lemma integral_circle_measure:
  fixes f :: "complex \<Rightarrow> 'b::euclidean_space"
  assumes meas: "f \<in> borel_measurable borel"
    and cont: "continuous_on {0..2*pi} (\<lambda>t. f (cis t))"
  shows "integrable circle_measure f"
    and "integral\<^sup>L circle_measure f = (1 / (2 * pi)) *\<^sub>R integral {0..2*pi} (\<lambda>t. f (cis t))"
proof -
  define M where "M = restrict_space lborel {0..<2 * pi}"
  define D where "D = density M (\<lambda>_. ennreal (1 / (2 * pi)))"
  have circle: "circle_measure = distr D borel cis"
    unfolding circle_measure_def D_def M_def scale_measure_eq_density ..
  have "cis \<in> borel_measurable lborel"
    using borel_measurable_continuous_onI[OF continuous_on_cis[OF continuous_on_id]] by simp
  then have cis_meas: "cis \<in> measurable D borel"
    unfolding D_def M_def by (simp add: measurable_restrict_space1 cong: measurable_cong_sets)
  have fm: "(\<lambda>t. f (cis t)) \<in> borel_measurable M"
    using measurable_comp[OF cis_meas meas] by (simp add: comp_def D_def cong: measurable_cong_sets)
  note M_int = integral_restrict_space_atLeastLessThan[OF cont, folded M_def]
  have "integrable D (\<lambda>t. f (cis t))"
    unfolding D_def using M_int(1) fm by (subst integrable_density) simp_all
  then show "integrable circle_measure f"
    unfolding circle using integrable_distr_eq[OF cis_meas meas] by simp
  have "integral\<^sup>L circle_measure f = integral\<^sup>L D (\<lambda>t. f (cis t))"
    unfolding circle by (rule integral_distr[OF cis_meas meas])
  also have "\<dots> = integral\<^sup>L M (\<lambda>t. (1 / (2 * pi)) *\<^sub>R f (cis t))"
    unfolding D_def by (rule integral_density) (simp_all add: fm)
  finally show "integral\<^sup>L circle_measure f = (1 / (2 * pi)) *\<^sub>R integral {0..2*pi} (\<lambda>t. f (cis t))"
    by (simp add: M_int(2))
qed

......

Through the last line of the entries above, beginning at the line containing "(cis t)) \<in>", transcribe each line exactly, both ends included and nothing more.

  have fm: "(\<lambda>t. f (cis t)) \<in> borel_measurable M"
    using measurable_comp[OF cis_meas meas] by (simp add: comp_def D_def cong: measurable_cong_sets)
  note M_int = integral_restrict_space_atLeastLessThan[OF cont, folded M_def]
  have "integrable D (\<lambda>t. f (cis t))"
    unfolding D_def using M_int(1) fm by (subst integrable_density) simp_all
  then show "integrable circle_measure f"
    unfolding circle using integrable_distr_eq[OF cis_meas meas] by simp
  have "integral\<^sup>L circle_measure f = integral\<^sup>L D (\<lambda>t. f (cis t))"
    unfolding circle by (rule integral_distr[OF cis_meas meas])
  also have "\<dots> = integral\<^sup>L M (\<lambda>t. (1 / (2 * pi)) *\<^sub>R f (cis t))"
    unfolding D_def by (rule integral_density) (simp_all add: fm)
  finally show "integral\<^sup>L circle_measure f = (1 / (2 * pi)) *\<^sub>R integral {0..2*pi} (\<lambda>t. f (cis t))"
    by (simp add: M_int(2))
qed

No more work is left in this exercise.